Problem statement –
Would you set down the lines running from the one that holds "using endemic_iff by auto" to the final line of the listing, both included, exactly and with no others?

(Data begins)

lemma endemic_is_saddle:
  assumes "0 < r" "0 < b0" "0 < a" "0 < mu"
    and endemic: "(S, I) \<in> endemic_equilibria (A, r, b0, a, mu)"
    and "2 * quad_a (A, r, b0, a, mu) * I + quad_b (A, r, b0, a, mu) < 0"
  shows "is_saddle (A, r, b0, a, mu) (S, I)"
proof -
  have "0 < S"
    using endemic_equilibrium_S_pos[OF assms(1-5)] .
  have "0 < I"
    using endemic_equilibrium_iff[OF assms(1-4)] endemic by auto
  have "(- S) * (r * I / (a + I)^2) - (- (b0 * S)) * (b0 * I) < 0"
    unfolding det_jac_at_endemic[OF assms(1-5)]
    using \<open>0 < S\<close> \<open>0 < I\<close> \<open>0 < a\<close> assms(6) by (intro divide_neg_pos mult_pos_neg) auto
  then obtain l1 l2 where "l1 < 0" "0 < l2"
    "(- S - l1) * (r * I / (a + I)^2 - l1) - (- (b0 * S)) * (b0 * I) = 0"
    "(- S - l2) * (r * I / (a + I)^2 - l2) - (- (b0 * S)) * (b0 * I) = 0"
    by (rule char_poly_roots_opposite_sign)
  moreover have "is_equilibrium (A, r, b0, a, mu) (S, I)"
    using endemic by (simp add: endemic_equilibria_def)
  ultimately show ?thesis
    unfolding is_saddle_def jac_eigenvalue_of_real_iff jac_at_endemic[OF assms(1-5)] prod.case
    by blast
qed

lemma endemic_is_sink:
  assumes "0 < r" "0 < b0" "0 < a" "0 < mu"
    and endemic: "(S, I) \<in> endemic_equilibria (A, r, b0, a, mu)"
    and "0 < 2 * quad_a (A, r, b0, a, mu) * I + quad_b (A, r, b0, a, mu)"
    and trace: "endemic_trace_num (A, r, b0, a, mu) I < 0"
  shows "is_sink (A, r, b0, a, mu) (S, I)"
proof -
  have S: "0 < S" "S = A - b0 * I" and "0 < I"
    using endemic_equilibrium_S_pos[OF assms(1-5)] endemic_equilibrium_iff[OF assms(1-4)] endemic
    by auto
  have det: "0 < (- S) * (r * I / (a + I)^2) - (- (b0 * S)) * (b0 * I)"
    unfolding det_jac_at_endemic[OF assms(1-5)]
    using S \<open>0 < I\<close> \<open>0 < a\<close> assms(6) by (intro divide_pos_pos mult_pos_pos) auto
  have "r * I < S * (a + I)^2"
    using trace S by (simp add: endemic_trace_num_def)
  then have tr: "- S + r * I / (a + I)^2 < 0"
    using \<open>0 < a\<close> \<open>0 < I\<close> by (simp add: divide_less_eq)
  have "Re z < 0" if "jac_eigenvalue (A, r, b0, a, mu) (S, I) z" for z
    using that unfolding jac_eigenvalue_def jac_at_endemic[OF assms(1-5)] prod.case
    by (rule char_poly_root_Re_neg[OF _ tr det])
  moreover have "is_equilibrium (A, r, b0, a, mu) (S, I)"
    using endemic by (simp add: endemic_equilibria_def)
  ultimately show ?thesis
    unfolding is_sink_def by blast
qed

lemma sink_saddle_region_dynamics:
  assumes "p \<in> sink_saddle_region"
  shows "R0 p < 1 \<and>
    (\<exists>e1 e2. e1 \<noteq> e2 \<and> endemic_equilibria p = {e1, e2} \<and> is_sink p e1 \<and> is_saddle p e2)"
proof -
  obtain A r b0 a mu where p: "p = (A, r, b0, a, mu)"
    by (cases p) auto
  from assms have pos: "0 < r" "0 < b0" "0 < a" "0 < mu"
    and qb: "quad_b p < 0" and qc: "0 < quad_c p"
    and disc: "0 < discrim (quad_a p) (quad_b p) (quad_c p)"
    and trace: "endemic_trace_num p (endemic_I_hi p) < 0"
    by (auto simp: sink_saddle_region_def positive_params_def p)
  have qa: "0 < quad_a p"
    using pos by (simp add: p quad_a_def)
  note roots = quadratic_two_positive_roots[OF qa qb qc disc,
      folded endemic_I_lo_def endemic_I_hi_def]
  have endemic_iff: "(S, I) \<in> endemic_equilibria p \<longleftrightarrow>
      S = A - b0 * I \<and> (I = endemic_I_lo p \<or> I = endemic_I_hi p)" for S I
  proof -
    have "b0 * (A - b0 * I) - mu = r / (a + I) \<longleftrightarrow>
        quad_a p * I^2 + quad_b p * I + quad_c p = 0" if "0 < I"
      using pos that unfolding p quad_poly_eq by (auto simp: eq_divide_eq)
    then have "(S, I) \<in> endemic_equilibria p \<longleftrightarrow>
        0 < I \<and> S = A - b0 * I \<and> quad_a p * I^2 + quad_b p * I + quad_c p = 0"
      using endemic_equilibrium_iff[OF pos] unfolding p by auto
    then show ?thesis
      using roots by auto
  qed
  have "is_sink p (A - b0 * endemic_I_hi p, endemic_I_hi p)"
    using endemic_is_sink[OF pos] endemic_iff roots(5) trace unfolding p by auto
  moreover have "is_saddle p (A - b0 * endemic_I_lo p, endemic_I_lo p)"
    using endemic_is_saddle[OF pos] endemic_iff roots(4) unfolding p by auto
  moreover have "endemic_equilibria p =
      {(A - b0 * endemic_I_hi p, endemic_I_hi p), (A - b0 * endemic_I_lo p, endemic_I_lo p)}"
    using endemic_iff by auto
  moreover have "R0 p < 1"
    using R0_less_one_iff pos qc unfolding p by auto
  ultimately show ?thesis
    using roots(3) by (intro conjI exI) auto
qed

(Data ends)

Written response –
    using endemic_iff by auto
  moreover have "R0 p < 1"
    using R0_less_one_iff pos qc unfolding p by auto
  ultimately show ?thesis
    using roots(3) by (intro conjI exI) auto
qed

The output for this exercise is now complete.